From the first record below to the last, retype each one exactly.

INPUT DATA START

(* For any $n\in\mathbb{N}$, $(\mathcal{A}_n,L)$ is an automatic structure for $\mathrm{rps}_n$, where $L=\bigcup_{B\subseteq\mathcal{A}_n}L^B$, with $L^\emptyset=\{\varepsilon\}$, $L^B=L^{(a_1)}L^{(a_2)}\cdots L^{(a_k)}$ for $B=\{a_1<\cdots<a_k\}\neq\emptyset$, and $L^{(j)}=\{n\}^*\{n-1\}^*\cdots\{j+1\}^*\{j\}^+$ for $j\in\mathcal{A}_n$.
   Context: Let $\mathcal{A}_n=\{1<2<\cdots<n\}$. An rPS tableau is a finite (possibly empty) sequence of nonempty bottom-justified columns of boxes filled with positive integers, such that the entries of each column are weakly decreasing from top to bottom and the bottom entries of the columns form a strictly increasing sequence from left to right. Right insertion of a symbol $a$ into an rPS tableau $B$: if $a$ is strictly greater than every entry of the bottom row, append a new column consisting of $a$ at the right end; otherwise, let $z$ be the leftmost bottom-row entry with $z\geq a$ and put $a$ in a new box at the bottom of the column of $z$ (the previous entries of that column move up one box). For $w=w_1\cdots w_k$, $\mathfrak{R}_r(w)$ is obtained by starting with the empty tableau and right-inserting $w_1,\dots,w_k$ in order. The monoid $\mathrm{rps}_n$ is the quotient of $\mathcal{A}_n^*$ by the congruence $u\equiv v\iff\mathfrak{R}_r(u)=\mathfrak{R}_r(v)$; words are identified with the elements they represent. For an alphabet $\Sigma$ and a padding symbol $\$\notin\Sigma$, $\delta_R:\Sigma^*\times\Sigma^*\to((\Sigma\cup\{\$\})\times(\Sigma\cup\{\$\}))^*$ sends $(u_1\cdots u_m,v_1\cdots v_p)$ to the word of pairs $(u_i,v_i)$ obtained after padding the shorter word on the right with $\$$'s to equal length; $\delta_L$ is the same with padding on the left. For a monoid $M$ generated by finite $\Sigma$ and a regular language $L\subseteq\Sigma^*$ mapping onto $M$, define $L_a=\{(u,v)\in L\times L: ua=_M v\}$ and ${}_aL=\{(u,v)\in L\times L: au=_M v\}$. $(\Sigma,L)$ is an automatic structure for $M$ if $(L_a)\delta_R$ is a regular language for every $a\in\Sigma\cup\{\varepsilon\}$. *)

theory Defs
  imports Main
begin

INPUT DATA END

■ RESULT FOR THIS EXERCISE:
(* For any $n\in\mathbb{N}$, $(\mathcal{A}_n,L)$ is an automatic structure for $\mathrm{rps}_n$, where $L=\bigcup_{B\subseteq\mathcal{A}_n}L^B$, with $L^\emptyset=\{\varepsilon\}$, $L^B=L^{(a_1)}L^{(a_2)}\cdots L^{(a_k)}$ for $B=\{a_1<\cdots<a_k\}\neq\emptyset$, and $L^{(j)}=\{n\}^*\{n-1\}^*\cdots\{j+1\}^*\{j\}^+$ for $j\in\mathcal{A}_n$.
   Context: Let $\mathcal{A}_n=\{1<2<\cdots<n\}$. An rPS tableau is a finite (possibly empty) sequence of nonempty bottom-justified columns of boxes filled with positive integers, such that the entries of each column are weakly decreasing from top to bottom and the bottom entries of the columns form a strictly increasing sequence from left to right. Right insertion of a symbol $a$ into an rPS tableau $B$: if $a$ is strictly greater than every entry of the bottom row, append a new column consisting of $a$ at the right end; otherwise, let $z$ be the leftmost bottom-row entry with $z\geq a$ and put $a$ in a new box at the bottom of the column of $z$ (the previous entries of that column move up one box). For $w=w_1\cdots w_k$, $\mathfrak{R}_r(w)$ is obtained by starting with the empty tableau and right-inserting $w_1,\dots,w_k$ in order. The monoid $\mathrm{rps}_n$ is the quotient of $\mathcal{A}_n^*$ by the congruence $u\equiv v\iff\mathfrak{R}_r(u)=\mathfrak{R}_r(v)$; words are identified with the elements they represent. For an alphabet $\Sigma$ and a padding symbol $\$\notin\Sigma$, $\delta_R:\Sigma^*\times\Sigma^*\to((\Sigma\cup\{\$\})\times(\Sigma\cup\{\$\}))^*$ sends $(u_1\cdots u_m,v_1\cdots v_p)$ to the word of pairs $(u_i,v_i)$ obtained after padding the shorter word on the right with $\$$'s to equal length; $\delta_L$ is the same with padding on the left. For a monoid $M$ generated by finite $\Sigma$ and a regular language $L\subseteq\Sigma^*$ mapping onto $M$, define $L_a=\{(u,v)\in L\times L: ua=_M v\}$ and ${}_aL=\{(u,v)\in L\times L: au=_M v\}$. $(\Sigma,L)$ is an automatic structure for $M$ if $(L_a)\delta_R$ is a regular language for every $a\in\Sigma\cup\{\varepsilon\}$. *)

theory Defs
  imports Main
begin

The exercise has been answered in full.